The problem seems to be common on many Lexus and Toyota models - Oil on spark plug threads for cylinder #5. Mine got so bad it caused misfire and engine to shake upon acceleration.
First time changing the plugs on my car I also noticed oil on cylinder 5 (factory plugs).
This time I left my plugs in there for much longer with NGK Ruthenium plugs. I got a code P0305 and engine starts to studder whenever I accelerate/ push gas pedal in gear (with load). Now when I pulled plug #5 the threads are completely coated in what looks like oil.
I don't know whats causing the problem yet but I don't think it's coincidence that so many Toyota/Lexus have the same problem.
I happened to come across the following.

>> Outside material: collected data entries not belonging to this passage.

lemma harmonic_decomposition:
  assumes "harmonic_on H S" "convex S"
  obtains h g where "h holomorphic_on S" "g holomorphic_on S"
    "\<And>w. w \<in> S \<Longrightarrow> H w = h w + cnj (g w)"
    "\<And>w. w \<in> S \<Longrightarrow> deriv h w = dz H w"
    "\<And>w. w \<in> S \<Longrightarrow> deriv g w = cnj (dzbar H w)"
proof -
  have "open S" using assms by (simp add: harmonic_on_def)
  obtain h where h: "\<And>w. w \<in> S \<Longrightarrow> (h has_field_derivative dz H w) (at w within S)"
    by (rule holomorphic_convex_primitive'[OF \<open>convex S\<close> \<open>open S\<close>
          holomorphic_on_dz_if_harmonic[OF \<open>harmonic_on H S\<close>]]) (rule that)
  have h': "(h has_field_derivative dz H w) (at w)" if "w \<in> S" for w
    using h[OF that] unfolding at_within_open[OF that \<open>open S\<close>] .
  define g where "g w = cnj (H w - h w)" for w
  have g': "(g has_field_derivative cnj (dzbar H w)) (at w)" if "w \<in> S" for w
  proof -
    have "H differentiable (at w)" using assms that by (simp add: harmonic_on_def)
    then have "(H has_derivative (\<lambda>v. dz H w * v + dzbar H w * cnj v)) (at w)"
      by (rule has_derivative_Wirtinger)
    from has_derivative_diff[OF this h'[OF that, unfolded has_field_derivative_def]]
    have "(g has_derivative (\<lambda>v. cnj (dz H w * v + dzbar H w * cnj v - dz H w * v))) (at w)"
      unfolding g_def by (rule has_derivative_cnj)
    then show ?thesis
      unfolding has_field_derivative_def by (rule has_derivative_eq_rhs) (simp add: fun_eq_iff)
  qed
  show ?thesis
  proof
    show "h holomorphic_on S" "g holomorphic_on S"
      using h' g' \<open>open S\<close> holomorphic_on_open by blast+
    show "deriv h w = dz H w" "deriv g w = cnj (dzbar H w)" if "w \<in> S" for w
      using h' g' that by (blast intro: DERIV_imp_deriv)+
  qed (simp add: g_def)
qed

lemma norm_le_one_if_radial_transform_le_one:
  fixes \<Phi> \<Phi>' :: "real \<Rightarrow> 'a::real_normed_vector"
  assumes "0 \<le> s" "s < 1"
    and \<Phi>': "\<And>t. t \<in> {0..1} \<Longrightarrow> (\<Phi> has_vector_derivative \<Phi>' t) (at t)"
    and bounded: "\<And>t. t \<in> {0..1} \<Longrightarrow> norm (\<Phi> t + ((1 - s * t\<^sup>2) / 2 * t) *\<^sub>R \<Phi>' t) \<le> 1"
  shows "norm (\<Phi> 1) \<le> 1"
proof -
  define R R' :: "real \<Rightarrow> real"
    where "R t = t\<^sup>2 / (1 - s * t\<^sup>2)" and "R' t = 2 * t / (1 - s * t\<^sup>2)\<^sup>2" for t
  have pos: "1 - s * t\<^sup>2 > 0" if "t \<in> {0..1}" for t
  proof -
    have "s * t\<^sup>2 \<le> s"
      using that \<open>0 \<le> s\<close> by (simp add: mult_left_le power_le_one)
    then show ?thesis using \<open>s < 1\<close> by simp
  qed
  have R': "(R has_real_derivative R' t) (at t)" if "t \<in> {0..1}" for t
    unfolding R_def[abs_def] R'_def using pos[OF that]
    by (auto intro!: derivative_eq_intros simp: field_simps power2_eq_square)
  \<comment> \<open>\<open>R\<close> is an integrating factor: \<open>(R \<Phi>)' = R' (\<Phi> + (1 - s t\<^sup>2) t / 2 \<Phi>')\<close>.\<close>
  have integrating_factor: "R' t * ((1 - s * t\<^sup>2) / 2 * t) = R t" if "t \<in> {0..1}" for t
  proof -
    define a where "a = 1 - s * t\<^sup>2"
    have "a \<noteq> 0" using pos[OF that] by (simp add: a_def)
    then have "2 * t / a\<^sup>2 * (a / 2 * t) = t\<^sup>2 / a"
      by (simp add: field_simps power2_eq_square)
    then show ?thesis by (simp add: R_def R'_def a_def)
  qed
  have product': "((\<lambda>t. R t *\<^sub>R \<Phi> t) has_vector_derivative
      R' t *\<^sub>R (\<Phi> t + ((1 - s * t\<^sup>2) / 2 * t) *\<^sub>R \<Phi>' t)) (at t)" if "t \<in> {0..1}" for t
  proof -
    have "R t *\<^sub>R \<Phi>' t + R' t *\<^sub>R \<Phi> t
        = R' t *\<^sub>R \<Phi> t + (R' t * ((1 - s * t\<^sup>2) / 2 * t)) *\<^sub>R \<Phi>' t"
      by (simp only: integrating_factor[OF that] add.commute)
    also have "\<dots> = R' t *\<^sub>R (\<Phi> t + ((1 - s * t\<^sup>2) / 2 * t) *\<^sub>R \<Phi>' t)"
      by (simp only: scaleR_add_right scaleR_scaleR)
    finally show ?thesis
      using has_vector_derivative_scaleR[OF R'[OF that] \<Phi>'[OF that]] by simp
  qed
  have "norm (R 1 *\<^sub>R \<Phi> 1 - R 0 *\<^sub>R \<Phi> 0) \<le> R 1 - R 0"
  proof (rule differentiable_bound_general)
    show "continuous_on {0..1} (\<lambda>t. R t *\<^sub>R \<Phi> t)"
      using product' has_vector_derivative_continuous continuous_at_imp_continuous_on by blast
    show "continuous_on {0..1} R"
      using R' DERIV_isCont continuous_at_imp_continuous_on by blast
    fix t :: real assume "0 < t" "t < 1"
    then have t: "t \<in> {0..1}" by simp
    then show "(R has_vector_derivative R' t) (at t)"
      using R' by (simp add: has_real_derivative_iff_has_vector_derivative)
    show "((\<lambda>t. R t *\<^sub>R \<Phi> t) has_vector_derivative
        R' t *\<^sub>R (\<Phi> t + ((1 - s * t\<^sup>2) / 2 * t) *\<^sub>R \<Phi>' t)) (at t)"
      using product'[OF t] .
    have "R' t \<ge> 0"
      using t by (simp add: R'_def)
    then show "norm (R' t *\<^sub>R (\<Phi> t + ((1 - s * t\<^sup>2) / 2 * t) *\<^sub>R \<Phi>' t)) \<le> R' t"
      using bounded[OF t] by (simp add: mult_left_le)
  qed simp
  then have "norm (\<Phi> 1) / (1 - s) \<le> 1 / (1 - s)"
    using \<open>s < 1\<close> by (simp add: R_def)
  then show ?thesis
    using \<open>s < 1\<close> by (simp add: divide_le_cancel)
qed

lemma norm_le_one_if_transform_maps_into_disc:
  fixes H u :: "complex \<Rightarrow> complex"
  assumes H: "\<And>w. w \<in> ball 0 1 \<Longrightarrow> H differentiable (at w)"
    and u: "\<And>w. u w = H w + of_real ((1 - (norm w)\<^sup>2) / 2) * (w * dz H w + cnj w * dzbar H w)"
    and u_disc: "u ` ball 0 1 \<subseteq> ball 0 1"
    and "z \<in> ball 0 1"
  shows "norm (H z) \<le> 1"
proof -
  have tz: "t *\<^sub>R z \<in> ball 0 1" if "t \<in> {0..1}" for t
  proof -
    have "norm (t *\<^sub>R z) \<le> norm z"
      using that by (simp add: mult_left_le_one_le)
    then show ?thesis using \<open>z \<in> ball 0 1\<close> by simp
  qed
  define \<Phi>' where "\<Phi>' t = dz H (t *\<^sub>R z) * z + dzbar H (t *\<^sub>R z) * cnj z" for t
  have "norm ((\<lambda>t. H (t *\<^sub>R z)) 1) \<le> 1"
  proof (rule norm_le_one_if_radial_transform_le_one)
    show "0 \<le> (norm z)\<^sup>2" "(norm z)\<^sup>2 < 1"
      using \<open>z \<in> ball 0 1\<close> by (auto simp: abs_square_less_1)
    fix t :: real assume t: "t \<in> {0..1}"
    show "((\<lambda>t. H (t *\<^sub>R z)) has_vector_derivative \<Phi>' t) (at t)"
      using has_vector_derivative_along_line[of H 0 t z] H[OF tz[OF t]]
      by (simp add: \<Phi>'_def frechet_derivative_Wirtinger)
    have "(norm (t *\<^sub>R z))\<^sup>2 = (norm z)\<^sup>2 * t\<^sup>2"
      by (simp add: power_mult_distrib)
    then have "H (t *\<^sub>R z) + ((1 - (norm z)\<^sup>2 * t\<^sup>2) / 2 * t) *\<^sub>R \<Phi>' t = u (t *\<^sub>R z)"
      unfolding u[of "t *\<^sub>R z"] by (simp add: \<Phi>'_def scaleR_conv_of_real field_simps)
    then show "norm (H (t *\<^sub>R z) + ((1 - (norm z)\<^sup>2 * t\<^sup>2) / 2 * t) *\<^sub>R \<Phi>' t) \<le> 1"
      using u_disc tz[OF t] by fastforce
  qed
  then show ?thesis by simp
qed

Can the "fifth cylinder issue" stated in passage be confirmed as a known 2GR-FSE, issue or just a possibility it may occur, and cause oil to be seen on #5 plug as norakat was inquiring about. Also, how can one tell what years had which 2GR-FE/FSE engine is Revision 1 / 2 / 3?
Toyota conducted a recall campaign for cars with 2GR-FE and 2GR-FSE produced until 2010. The reason for that became a problem with an oil leak from the rubber hose which feeds the VVT-i lubrication system. The manufacturer replaced that rubber part by a metal pipe.
If the 2GR engine has a damaged cylinder wall surface, the entire cylinder block has to be replaced. The thin walls of the cylinder liners make the engine impossible to bore the block. The liners itself are cast into the aluminum engine block. The 2GR-FSE engine features the overheating of the fifth cylinder. That is caused by the design flaw. The problem leads to high oil consumption at first and scratches appearance on cylinder wall later. If you read above, now you know the expensive end of that story.
The all GR family has a common problem with unreliable water pump and ignition coils. In some cases, they don't last longer than 30-50k miles, and that is very annoying. The 2GR-FE has longevity about 200,000 miles (300,000 km). The 2GR-FSE and 2GR-FKS engines are more technologically advanced, powerful, and fuel efficient but less reliable.
11748245[/url]]I happened to come across the following. Can the "fifth cylinder issue" stated in passage be confirmed as a known 2GR-FSE, issue or just a possibility it may occur, and cause oil to be seen on #5 plug as norakat was inquiring about. Also, how can one tell what years had which 2GR-FE/FSE engine is Revision 1 / 2 / 3?..
That’s interesting. Thanks for pointing this out. I have a gen 6 / 2016 Lexus ES350.
Some other things I am reading about are faulty gaskets on the Spark Plug tube and valve cover and also things related to the PCV system.